Task statement »
Find the word "point" in the material below and gather every line that contains it.

(Material for this exercise)

(* Assume (H1) and (H2) as in the context. Let $G:S^1\times(a,b)\to\mathbb{R}$ be $G(\zeta,s)=\langle\varphi(1,s),\zeta\rangle$, with $G_s,G_{ss}$ its first and second partial derivatives in $s$. Then for every $\zeta=(\zeta_1,\zeta_2)\in S^1$ and every $s\in(a,b)$, $$\alpha_1^2\det\big(\zeta_1\varphi_1''(1,s)+\zeta_2\varphi_2''(1,s)\big)=m(m-\alpha_1)(GG_{ss})(\zeta,s)+\alpha_2(\alpha_1-\alpha_2)\,s\,(G_sG_{ss})(\zeta,s)-(m-\alpha_2)^2G_s^2(\zeta,s).$$
   Context: Fix $\alpha_1,\alpha_2>0$ with $\alpha_1\neq\alpha_2$. For $t>0$ and $x=(x_1,x_2)\in\mathbb{R}^2$ put $t\bullet x=(t^{\alpha_1}x_1,t^{\alpha_2}x_2)$. For $a<b$ let $V^{a,b}=\{t\bullet(1,s):a<s<b,\ t>0\}$ and $\varphi=(\varphi_1,\varphi_2):V^{a,b}\to\mathbb{R}^2$; $\varphi_j''(x)$ denotes the Hessian of $\varphi_j$ at $x$. (H1) $\varphi$ is real analytic on $V^{a,b}$. (H2) For some $m\ge3(\alpha_1+\alpha_2)$, $\varphi(t\bullet x)=t^m\varphi(x)$ for all $x\in V^{a,b}$, $t>0$. *)

theory Defs
  imports "HOL-Analysis.Analysis"
begin

definition qdil :: "real \<Rightarrow> real \<Rightarrow> real \<Rightarrow> real^2 \<Rightarrow> real^2" where
  "qdil \<alpha>1 \<alpha>2 t x = vector [t powr \<alpha>1 * x$1, t powr \<alpha>2 * x$2]"

definition Vcone :: "real \<Rightarrow> real \<Rightarrow> real \<Rightarrow> real \<Rightarrow> (real^2) set" where
  "Vcone \<alpha>1 \<alpha>2 a b = {qdil \<alpha>1 \<alpha>2 t (vector [1, s]) | t s. 0 < t \<and> a < s \<and> s < b}"

text \<open>Real analyticity of a function of two real variables on a set U:
  around every point of U it is given by an (unconditionally, i.e. absolutely)
  convergent double power series on a ball contained in U.\<close>
definition real_analytic_on2 :: "(real^2 \<Rightarrow> real) \<Rightarrow> (real^2) set \<Rightarrow> bool" where
  "real_analytic_on2 f U \<longleftrightarrow>
     (\<forall>p\<in>U. \<exists>r>0. ball p r \<subseteq> U \<and> (\<exists>c :: nat \<Rightarrow> nat \<Rightarrow> real.
        \<forall>x\<in>ball p r. ((\<lambda>(i,j). c i j * (x$1 - p$1)^i * (x$2 - p$2)^j) has_sum f x) UNIV))"

definition partial :: "2 \<Rightarrow> (real^2 \<Rightarrow> real) \<Rightarrow> real^2 \<Rightarrow> real" where
  "partial i f x = deriv (\<lambda>t. f (x + t *\<^sub>R axis i 1)) 0"

definition hessian :: "(real^2 \<Rightarrow> real) \<Rightarrow> real^2 \<Rightarrow> real^2^2" where
  "hessian f x = (\<chi> i j. partial i (partial j f) x)"

end

theory Submission
  imports Defs
begin

(* Write sigma(y) = y2 * y1 powr -(alpha2/alpha1) and g(s) = phi(1, s). Every point y of the
   cone V is t . (1, sigma y) with t = y1 powr (1/alpha1), so homogeneity gives
   phi(y) = y1 powr (m/alpha1) * g(sigma y) on the open set V.  Both first partials of a function
   of this shape have the same shape again (with degrees lowered by 1 and by alpha2/alpha1), so two
   differentiations express the Hessian at (1, s) through g, g' and g'' at s.  These expressions are
   linear in phi, and G(zeta, .) is the same linear combination of the profiles of phi1 and phi2,
   so the determinant identity is polynomial algebra.  Analyticity is only used to make the
   profiles twice differentiable. *)

lemma power_series_DERIV2:
  fixes g :: "real \<Rightarrow> real" and c :: "nat \<Rightarrow> real"
  assumes "r > 0" and g: "\<And>h. \<bar>h\<bar> < r \<Longrightarrow> (\<lambda>j. c j * h^j) sums g (s + h)"
  shows "DERIV g s :> deriv g s" and "DERIV (deriv g) s :> deriv (deriv g) s"
proof -
  define P where "P = (\<lambda>h. \<Sum>j. c j * h^j)"
  define P' where "P' = (\<lambda>h. \<Sum>j. diffs c j * h^j)"
  have summable: "summable (\<lambda>j. c j * h^j)" if "norm h < r" for h
    using g[of h] that sums_summable by auto
  have summable': "summable (\<lambda>j. diffs c j * h^j)" if "norm h < r" for h
    using termdiff_converges[OF that summable] .
  have P: "DERIV P h :> P' h" if "norm h < r" for h
    unfolding P_def P'_def using termdiffs_strong'[OF summable that] .
  have P': "DERIV P' h :> (\<Sum>j. diffs (diffs c) j * h^j)" if "norm h < r" for h
    unfolding P'_def using termdiffs_strong'[OF summable' that] .
  have g_eq: "g v = P (v - s)" if "v \<in> ball s r" for v
    using g[of "v - s"] that by (auto simp: P_def dist_real_def sums_iff)
  have g': "DERIV g v :> P' (v - s)" if "v \<in> ball s r" for v
  proof (rule has_field_derivative_transform_within_open[where S="ball s r"])
    show "DERIV (\<lambda>v. P (v - s)) v :> P' (v - s)"
      using DERIV_chain2[OF P DERIV_diff[OF DERIV_ident DERIV_const]] that
      by (simp add: dist_real_def abs_minus_commute)
  qed (use that g_eq in auto)
  have "norm (s - s) < r" using \<open>r > 0\<close> by simp
  from DERIV_chain2[OF P'[OF this] DERIV_diff[OF DERIV_ident DERIV_const]]
  have "DERIV (deriv g) s :> (\<Sum>j. diffs (diffs c) j * (s - s)^j) * (1 - 0)"
    by (rule has_field_derivative_transform_within_open[where S="ball s r"])
      (use \<open>r > 0\<close> in \<open>auto simp: DERIV_imp_deriv[OF g']\<close>)
  then show "DERIV (deriv g) s :> deriv (deriv g) s"
    by (metis DERIV_imp_deriv)
  show "DERIV g s :> deriv g s"
    using g'[of s] \<open>r > 0\<close> by (metis DERIV_imp_deriv centre_in_ball)
qed

lemma deriv2_linear_combination:
  fixes f g :: "real \<Rightarrow> real"
  assumes "open S" "s \<in> S"
    and f': "\<And>v. v \<in> S \<Longrightarrow> DERIV f v :> deriv f v" and g': "\<And>v. v \<in> S \<Longrightarrow> DERIV g v :> deriv g v"
    and f'': "DERIV (deriv f) s :> deriv (deriv f) s" and g'': "DERIV (deriv g) s :> deriv (deriv g) s"
  shows "deriv (\<lambda>v. f v * c + g v * d) s = deriv f s * c + deriv g s * d"
    and "deriv (deriv (\<lambda>v. f v * c + g v * d)) s = deriv (deriv f) s * c + deriv (deriv g) s * d"
proof -
  have D: "deriv (\<lambda>v. f v * c + g v * d) v = deriv f v * c + deriv g v * d" if "v \<in> S" for v
    using f'[OF that] g'[OF that] by (auto intro!: DERIV_imp_deriv derivative_eq_intros)
  then show "deriv (\<lambda>v. f v * c + g v * d) s = deriv f s * c + deriv g s * d"
    using \<open>s \<in> S\<close> .
  have "eventually (\<lambda>v. deriv (\<lambda>v. f v * c + g v * d) v = deriv f v * c + deriv g v * d) (nhds s)"
    using \<open>open S\<close> \<open>s \<in> S\<close> D by (auto simp: eventually_nhds)
  then have "deriv (deriv (\<lambda>v. f v * c + g v * d)) s = deriv (\<lambda>v. deriv f v * c + deriv g v * d) s"
    by (rule deriv_cong_ev) simp
  also have "\<dots> = deriv (deriv f) s * c + deriv (deriv g) s * d"
    using f'' g'' by (auto intro!: DERIV_imp_deriv derivative_eq_intros)
  finally show "deriv (deriv (\<lambda>v. f v * c + g v * d)) s = deriv (deriv f) s * c + deriv (deriv g) s * d" .
qed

(End Material for this exercise)

Answer space »
  around every point of U it is given by an (unconditionally, i.e. absolutely)
(* Write sigma(y) = y2 * y1 powr -(alpha2/alpha1) and g(s) = phi(1, s). Every point y of the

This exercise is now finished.